------ Provided information
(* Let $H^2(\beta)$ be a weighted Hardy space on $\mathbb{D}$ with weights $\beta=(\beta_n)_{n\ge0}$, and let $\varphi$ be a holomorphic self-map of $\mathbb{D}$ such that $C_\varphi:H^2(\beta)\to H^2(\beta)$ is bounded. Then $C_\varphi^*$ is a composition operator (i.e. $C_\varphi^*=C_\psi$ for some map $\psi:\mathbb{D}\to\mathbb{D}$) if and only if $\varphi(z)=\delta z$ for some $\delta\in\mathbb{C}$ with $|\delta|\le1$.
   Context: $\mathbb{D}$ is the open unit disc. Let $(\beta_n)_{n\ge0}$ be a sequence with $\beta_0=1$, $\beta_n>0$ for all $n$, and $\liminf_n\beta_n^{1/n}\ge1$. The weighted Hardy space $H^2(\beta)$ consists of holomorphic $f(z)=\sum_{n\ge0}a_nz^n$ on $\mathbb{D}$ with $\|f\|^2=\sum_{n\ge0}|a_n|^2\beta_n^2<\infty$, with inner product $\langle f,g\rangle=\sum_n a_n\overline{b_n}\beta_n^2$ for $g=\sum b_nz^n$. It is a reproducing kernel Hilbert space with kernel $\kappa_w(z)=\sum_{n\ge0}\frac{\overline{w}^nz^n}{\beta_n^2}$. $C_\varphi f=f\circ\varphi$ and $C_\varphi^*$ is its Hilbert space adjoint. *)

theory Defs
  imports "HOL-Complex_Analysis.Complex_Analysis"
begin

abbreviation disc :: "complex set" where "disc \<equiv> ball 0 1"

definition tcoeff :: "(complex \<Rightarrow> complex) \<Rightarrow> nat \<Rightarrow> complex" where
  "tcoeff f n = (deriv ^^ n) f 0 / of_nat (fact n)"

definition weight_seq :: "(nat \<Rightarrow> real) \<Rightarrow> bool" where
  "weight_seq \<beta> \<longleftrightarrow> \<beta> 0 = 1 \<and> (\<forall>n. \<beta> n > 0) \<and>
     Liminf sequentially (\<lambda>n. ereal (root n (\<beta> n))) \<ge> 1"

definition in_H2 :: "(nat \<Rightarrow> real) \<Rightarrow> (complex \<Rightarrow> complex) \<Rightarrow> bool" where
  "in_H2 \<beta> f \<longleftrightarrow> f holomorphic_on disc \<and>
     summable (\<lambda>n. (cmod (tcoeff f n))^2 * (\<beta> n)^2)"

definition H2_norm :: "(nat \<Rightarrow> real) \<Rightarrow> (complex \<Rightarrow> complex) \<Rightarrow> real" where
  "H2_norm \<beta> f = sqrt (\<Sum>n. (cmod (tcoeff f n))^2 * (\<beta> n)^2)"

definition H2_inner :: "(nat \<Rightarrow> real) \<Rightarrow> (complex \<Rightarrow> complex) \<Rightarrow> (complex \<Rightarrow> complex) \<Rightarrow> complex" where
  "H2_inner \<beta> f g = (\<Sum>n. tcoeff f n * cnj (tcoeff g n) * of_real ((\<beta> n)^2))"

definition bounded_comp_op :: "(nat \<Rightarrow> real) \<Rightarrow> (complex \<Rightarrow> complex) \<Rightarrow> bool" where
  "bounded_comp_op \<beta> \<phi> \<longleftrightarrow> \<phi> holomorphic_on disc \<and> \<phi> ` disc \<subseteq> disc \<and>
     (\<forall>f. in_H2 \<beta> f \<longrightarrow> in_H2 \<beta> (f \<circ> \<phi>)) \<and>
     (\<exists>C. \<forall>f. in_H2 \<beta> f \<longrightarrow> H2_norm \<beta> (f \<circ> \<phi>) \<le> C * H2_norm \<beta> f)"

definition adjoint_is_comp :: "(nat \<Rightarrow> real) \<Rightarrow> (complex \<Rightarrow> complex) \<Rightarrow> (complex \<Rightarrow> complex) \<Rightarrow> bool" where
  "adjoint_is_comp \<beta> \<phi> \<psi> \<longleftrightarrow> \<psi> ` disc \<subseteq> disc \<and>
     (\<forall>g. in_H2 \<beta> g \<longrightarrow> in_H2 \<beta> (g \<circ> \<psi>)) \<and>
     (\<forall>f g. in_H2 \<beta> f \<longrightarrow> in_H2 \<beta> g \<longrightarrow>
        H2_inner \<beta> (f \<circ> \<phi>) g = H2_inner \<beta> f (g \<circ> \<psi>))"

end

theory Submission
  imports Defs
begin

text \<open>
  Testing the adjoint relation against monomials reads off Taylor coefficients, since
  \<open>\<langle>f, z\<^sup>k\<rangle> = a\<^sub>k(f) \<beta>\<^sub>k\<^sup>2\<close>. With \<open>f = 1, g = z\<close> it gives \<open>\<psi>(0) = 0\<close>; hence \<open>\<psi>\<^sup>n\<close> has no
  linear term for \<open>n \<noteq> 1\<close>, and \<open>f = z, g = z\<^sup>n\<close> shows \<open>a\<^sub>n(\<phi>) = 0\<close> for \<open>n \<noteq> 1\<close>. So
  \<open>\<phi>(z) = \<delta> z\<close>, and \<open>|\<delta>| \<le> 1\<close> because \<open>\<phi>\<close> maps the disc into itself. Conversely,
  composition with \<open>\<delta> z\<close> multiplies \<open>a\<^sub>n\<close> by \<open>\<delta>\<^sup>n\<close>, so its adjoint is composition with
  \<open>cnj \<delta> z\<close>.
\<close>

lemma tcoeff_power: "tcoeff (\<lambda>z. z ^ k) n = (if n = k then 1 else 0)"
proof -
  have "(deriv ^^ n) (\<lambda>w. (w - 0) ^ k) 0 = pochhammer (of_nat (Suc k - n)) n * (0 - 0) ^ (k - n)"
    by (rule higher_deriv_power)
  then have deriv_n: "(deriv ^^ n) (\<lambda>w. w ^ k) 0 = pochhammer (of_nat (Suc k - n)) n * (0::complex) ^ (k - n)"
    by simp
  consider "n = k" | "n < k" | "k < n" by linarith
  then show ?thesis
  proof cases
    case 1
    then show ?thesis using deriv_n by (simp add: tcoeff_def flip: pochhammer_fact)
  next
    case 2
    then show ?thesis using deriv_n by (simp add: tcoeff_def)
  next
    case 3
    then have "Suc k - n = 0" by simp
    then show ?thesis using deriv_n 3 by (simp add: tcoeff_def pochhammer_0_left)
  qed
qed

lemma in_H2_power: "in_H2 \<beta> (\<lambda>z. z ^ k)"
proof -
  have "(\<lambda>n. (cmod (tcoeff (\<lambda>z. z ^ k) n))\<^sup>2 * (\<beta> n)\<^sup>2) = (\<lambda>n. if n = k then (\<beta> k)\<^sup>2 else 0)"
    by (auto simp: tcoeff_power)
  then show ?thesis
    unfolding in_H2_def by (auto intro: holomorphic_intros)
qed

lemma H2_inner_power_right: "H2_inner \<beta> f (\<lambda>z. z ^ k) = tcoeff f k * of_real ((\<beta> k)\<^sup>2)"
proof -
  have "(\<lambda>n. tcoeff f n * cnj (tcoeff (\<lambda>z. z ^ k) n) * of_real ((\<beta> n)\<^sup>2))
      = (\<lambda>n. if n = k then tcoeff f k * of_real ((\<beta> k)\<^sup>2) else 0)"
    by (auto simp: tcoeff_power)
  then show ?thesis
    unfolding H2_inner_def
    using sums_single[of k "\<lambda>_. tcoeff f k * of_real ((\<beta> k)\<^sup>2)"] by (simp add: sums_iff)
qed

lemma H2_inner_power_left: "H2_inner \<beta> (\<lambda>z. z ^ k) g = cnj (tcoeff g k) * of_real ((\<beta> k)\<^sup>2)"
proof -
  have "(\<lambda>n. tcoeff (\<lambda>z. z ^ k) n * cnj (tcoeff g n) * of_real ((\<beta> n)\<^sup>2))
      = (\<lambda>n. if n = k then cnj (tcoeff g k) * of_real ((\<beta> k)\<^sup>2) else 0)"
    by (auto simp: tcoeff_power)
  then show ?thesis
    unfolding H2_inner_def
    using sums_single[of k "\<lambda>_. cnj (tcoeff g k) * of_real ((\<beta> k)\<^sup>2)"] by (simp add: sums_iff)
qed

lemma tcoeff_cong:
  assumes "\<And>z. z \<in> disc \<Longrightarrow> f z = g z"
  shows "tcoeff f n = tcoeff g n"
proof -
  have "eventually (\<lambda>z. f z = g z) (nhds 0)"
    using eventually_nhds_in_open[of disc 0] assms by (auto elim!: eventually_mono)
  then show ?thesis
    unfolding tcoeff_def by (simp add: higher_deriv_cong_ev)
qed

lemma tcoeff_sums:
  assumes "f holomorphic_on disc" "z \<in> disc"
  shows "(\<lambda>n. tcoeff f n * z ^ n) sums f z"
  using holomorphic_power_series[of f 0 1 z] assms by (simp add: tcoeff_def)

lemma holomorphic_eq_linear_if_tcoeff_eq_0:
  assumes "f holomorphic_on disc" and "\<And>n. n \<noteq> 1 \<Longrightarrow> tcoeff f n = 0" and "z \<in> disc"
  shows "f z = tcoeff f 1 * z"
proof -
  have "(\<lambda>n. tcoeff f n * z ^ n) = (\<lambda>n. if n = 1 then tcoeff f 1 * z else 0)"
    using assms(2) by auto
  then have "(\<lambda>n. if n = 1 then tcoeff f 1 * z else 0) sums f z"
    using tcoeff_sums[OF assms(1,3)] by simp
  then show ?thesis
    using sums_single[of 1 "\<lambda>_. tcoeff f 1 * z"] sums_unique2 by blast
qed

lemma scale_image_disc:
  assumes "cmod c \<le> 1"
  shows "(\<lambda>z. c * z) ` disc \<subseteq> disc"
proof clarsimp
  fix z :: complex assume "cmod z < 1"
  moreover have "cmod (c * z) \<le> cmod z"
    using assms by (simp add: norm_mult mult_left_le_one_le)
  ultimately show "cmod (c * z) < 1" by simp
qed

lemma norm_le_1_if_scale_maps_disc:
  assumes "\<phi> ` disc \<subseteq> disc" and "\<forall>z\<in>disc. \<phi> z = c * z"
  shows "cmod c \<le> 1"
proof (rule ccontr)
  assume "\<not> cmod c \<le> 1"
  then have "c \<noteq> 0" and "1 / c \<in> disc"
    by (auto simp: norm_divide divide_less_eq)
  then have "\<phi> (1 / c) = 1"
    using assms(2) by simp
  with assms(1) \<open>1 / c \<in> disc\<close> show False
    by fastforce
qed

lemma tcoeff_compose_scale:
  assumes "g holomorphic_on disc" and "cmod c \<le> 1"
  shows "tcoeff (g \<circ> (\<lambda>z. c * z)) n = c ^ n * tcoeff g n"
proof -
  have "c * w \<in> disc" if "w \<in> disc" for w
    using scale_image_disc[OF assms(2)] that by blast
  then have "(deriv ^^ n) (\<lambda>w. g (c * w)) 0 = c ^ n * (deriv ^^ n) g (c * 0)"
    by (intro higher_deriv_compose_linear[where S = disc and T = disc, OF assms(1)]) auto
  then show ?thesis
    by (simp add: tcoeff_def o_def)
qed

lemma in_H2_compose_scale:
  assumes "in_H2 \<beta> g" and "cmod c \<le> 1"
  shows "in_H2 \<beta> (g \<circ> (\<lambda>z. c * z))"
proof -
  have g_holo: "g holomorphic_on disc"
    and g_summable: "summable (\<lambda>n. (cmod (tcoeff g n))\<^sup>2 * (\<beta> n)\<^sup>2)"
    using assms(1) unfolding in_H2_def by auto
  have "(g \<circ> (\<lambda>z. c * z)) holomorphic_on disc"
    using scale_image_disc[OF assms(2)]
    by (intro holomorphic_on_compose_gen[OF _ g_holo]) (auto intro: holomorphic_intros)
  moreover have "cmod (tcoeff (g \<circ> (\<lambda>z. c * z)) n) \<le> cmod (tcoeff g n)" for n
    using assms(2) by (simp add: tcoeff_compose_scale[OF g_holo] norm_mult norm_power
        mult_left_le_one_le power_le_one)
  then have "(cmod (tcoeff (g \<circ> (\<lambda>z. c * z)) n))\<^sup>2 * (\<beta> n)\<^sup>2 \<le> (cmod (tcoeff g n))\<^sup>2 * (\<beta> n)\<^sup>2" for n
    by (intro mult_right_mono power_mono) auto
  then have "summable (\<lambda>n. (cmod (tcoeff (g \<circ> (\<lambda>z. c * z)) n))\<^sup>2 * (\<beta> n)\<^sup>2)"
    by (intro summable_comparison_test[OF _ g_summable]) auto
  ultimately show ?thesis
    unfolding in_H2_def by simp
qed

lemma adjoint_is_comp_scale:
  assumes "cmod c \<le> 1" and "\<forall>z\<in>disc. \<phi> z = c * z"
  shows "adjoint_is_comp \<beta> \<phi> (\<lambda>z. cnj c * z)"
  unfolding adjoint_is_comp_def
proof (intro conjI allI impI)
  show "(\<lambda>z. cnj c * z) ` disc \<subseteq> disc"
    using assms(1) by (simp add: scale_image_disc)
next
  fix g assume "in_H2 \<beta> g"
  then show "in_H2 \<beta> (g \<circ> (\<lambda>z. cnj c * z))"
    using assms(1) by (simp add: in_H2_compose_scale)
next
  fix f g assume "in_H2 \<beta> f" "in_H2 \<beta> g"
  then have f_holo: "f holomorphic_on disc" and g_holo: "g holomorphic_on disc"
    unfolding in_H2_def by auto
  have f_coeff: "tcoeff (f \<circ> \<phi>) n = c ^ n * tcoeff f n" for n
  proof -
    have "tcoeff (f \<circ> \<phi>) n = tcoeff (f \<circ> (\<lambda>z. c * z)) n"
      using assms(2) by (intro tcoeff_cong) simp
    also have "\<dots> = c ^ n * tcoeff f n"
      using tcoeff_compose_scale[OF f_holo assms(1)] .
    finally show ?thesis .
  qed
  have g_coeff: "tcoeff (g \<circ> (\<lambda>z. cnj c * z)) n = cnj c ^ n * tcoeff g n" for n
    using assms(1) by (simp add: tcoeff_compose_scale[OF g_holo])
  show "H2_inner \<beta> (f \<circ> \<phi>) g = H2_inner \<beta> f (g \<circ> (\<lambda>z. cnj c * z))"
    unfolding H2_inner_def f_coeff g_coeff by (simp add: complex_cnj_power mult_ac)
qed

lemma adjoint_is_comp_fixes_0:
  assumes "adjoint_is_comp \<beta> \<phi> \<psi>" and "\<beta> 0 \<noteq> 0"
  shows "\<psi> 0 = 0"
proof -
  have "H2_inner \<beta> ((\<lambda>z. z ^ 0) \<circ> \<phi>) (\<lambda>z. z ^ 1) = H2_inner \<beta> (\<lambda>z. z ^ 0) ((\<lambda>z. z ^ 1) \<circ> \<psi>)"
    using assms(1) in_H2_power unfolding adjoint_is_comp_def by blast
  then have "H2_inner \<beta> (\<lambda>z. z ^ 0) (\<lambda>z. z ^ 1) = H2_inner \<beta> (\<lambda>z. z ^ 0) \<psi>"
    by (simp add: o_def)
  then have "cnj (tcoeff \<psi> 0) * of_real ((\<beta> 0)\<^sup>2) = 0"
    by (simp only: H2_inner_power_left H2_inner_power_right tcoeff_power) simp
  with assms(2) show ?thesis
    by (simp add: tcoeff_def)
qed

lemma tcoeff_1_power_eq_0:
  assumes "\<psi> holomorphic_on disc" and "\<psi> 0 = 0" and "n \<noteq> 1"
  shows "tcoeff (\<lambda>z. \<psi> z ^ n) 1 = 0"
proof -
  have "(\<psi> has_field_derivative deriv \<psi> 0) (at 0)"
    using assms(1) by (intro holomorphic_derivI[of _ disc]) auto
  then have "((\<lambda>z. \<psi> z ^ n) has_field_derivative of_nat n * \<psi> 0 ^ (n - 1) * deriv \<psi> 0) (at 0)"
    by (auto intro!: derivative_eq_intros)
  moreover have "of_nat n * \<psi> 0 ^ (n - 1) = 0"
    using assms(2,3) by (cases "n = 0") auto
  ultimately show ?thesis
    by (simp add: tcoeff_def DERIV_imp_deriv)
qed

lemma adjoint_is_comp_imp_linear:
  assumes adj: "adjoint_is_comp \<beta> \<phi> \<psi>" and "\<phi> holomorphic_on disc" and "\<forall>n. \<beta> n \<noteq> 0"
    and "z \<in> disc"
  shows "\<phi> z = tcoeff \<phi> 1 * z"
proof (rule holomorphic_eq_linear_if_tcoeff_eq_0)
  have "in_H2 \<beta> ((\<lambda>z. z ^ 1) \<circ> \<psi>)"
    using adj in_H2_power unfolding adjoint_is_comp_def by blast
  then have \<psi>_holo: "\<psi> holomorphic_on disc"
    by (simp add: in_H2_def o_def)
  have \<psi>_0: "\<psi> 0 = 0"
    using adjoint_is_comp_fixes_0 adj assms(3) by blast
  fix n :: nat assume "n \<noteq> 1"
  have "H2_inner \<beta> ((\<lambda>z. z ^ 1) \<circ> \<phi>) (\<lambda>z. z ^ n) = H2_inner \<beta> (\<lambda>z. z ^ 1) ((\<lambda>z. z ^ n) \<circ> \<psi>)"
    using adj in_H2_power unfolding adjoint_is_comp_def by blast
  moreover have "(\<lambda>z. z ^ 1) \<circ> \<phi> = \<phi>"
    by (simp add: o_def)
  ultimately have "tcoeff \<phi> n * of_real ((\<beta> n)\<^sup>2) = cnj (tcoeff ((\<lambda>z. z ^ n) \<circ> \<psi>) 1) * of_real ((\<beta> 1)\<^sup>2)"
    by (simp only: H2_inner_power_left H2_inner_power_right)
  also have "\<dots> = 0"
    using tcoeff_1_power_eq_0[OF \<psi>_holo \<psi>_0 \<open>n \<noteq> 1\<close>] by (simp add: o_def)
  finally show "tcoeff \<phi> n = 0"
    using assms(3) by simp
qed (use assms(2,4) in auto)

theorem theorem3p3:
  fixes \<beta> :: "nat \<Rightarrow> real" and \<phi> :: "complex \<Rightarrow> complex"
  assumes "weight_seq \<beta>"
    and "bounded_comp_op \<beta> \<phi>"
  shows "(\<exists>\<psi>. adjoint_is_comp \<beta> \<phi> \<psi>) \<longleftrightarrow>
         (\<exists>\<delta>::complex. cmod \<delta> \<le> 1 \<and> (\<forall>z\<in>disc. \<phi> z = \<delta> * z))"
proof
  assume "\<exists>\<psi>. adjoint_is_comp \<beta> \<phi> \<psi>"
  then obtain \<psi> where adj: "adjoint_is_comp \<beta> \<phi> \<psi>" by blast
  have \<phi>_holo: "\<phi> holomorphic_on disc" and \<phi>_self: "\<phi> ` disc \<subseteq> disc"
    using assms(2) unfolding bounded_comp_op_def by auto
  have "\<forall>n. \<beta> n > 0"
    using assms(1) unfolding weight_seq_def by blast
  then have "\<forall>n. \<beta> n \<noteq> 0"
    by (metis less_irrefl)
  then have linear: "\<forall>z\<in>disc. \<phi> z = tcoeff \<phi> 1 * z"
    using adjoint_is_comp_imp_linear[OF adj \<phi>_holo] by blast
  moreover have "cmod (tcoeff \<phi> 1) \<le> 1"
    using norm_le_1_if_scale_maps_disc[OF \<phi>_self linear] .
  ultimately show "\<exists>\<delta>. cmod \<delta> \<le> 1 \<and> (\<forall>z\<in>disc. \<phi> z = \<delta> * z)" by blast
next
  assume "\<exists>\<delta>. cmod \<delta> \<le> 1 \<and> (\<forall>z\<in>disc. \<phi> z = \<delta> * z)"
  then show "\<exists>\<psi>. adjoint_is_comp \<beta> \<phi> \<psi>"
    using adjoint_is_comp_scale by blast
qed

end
------------
=== Required action ===
Select every line of the records holding the string "blast".

=== Response to the exercise ===
    using sums_single[of 1 "\<lambda>_. tcoeff f 1 * z"] sums_unique2 by blast
    using scale_image_disc[OF assms(2)] that by blast
    using assms(1) in_H2_power unfolding adjoint_is_comp_def by blast
    using adj in_H2_power unfolding adjoint_is_comp_def by blast
    using adjoint_is_comp_fixes_0 adj assms(3) by blast
    using adj in_H2_power unfolding adjoint_is_comp_def by blast
  then obtain \<psi> where adj: "adjoint_is_comp \<beta> \<phi> \<psi>" by blast
    using assms(1) unfolding weight_seq_def by blast
    using adjoint_is_comp_imp_linear[OF adj \<phi>_holo] by blast
  ultimately show "\<exists>\<delta>. cmod \<delta> \<le> 1 \<and> (\<forall>z\<in>disc. \<phi> z = \<delta> * z)" by blast
    using adjoint_is_comp_scale by blast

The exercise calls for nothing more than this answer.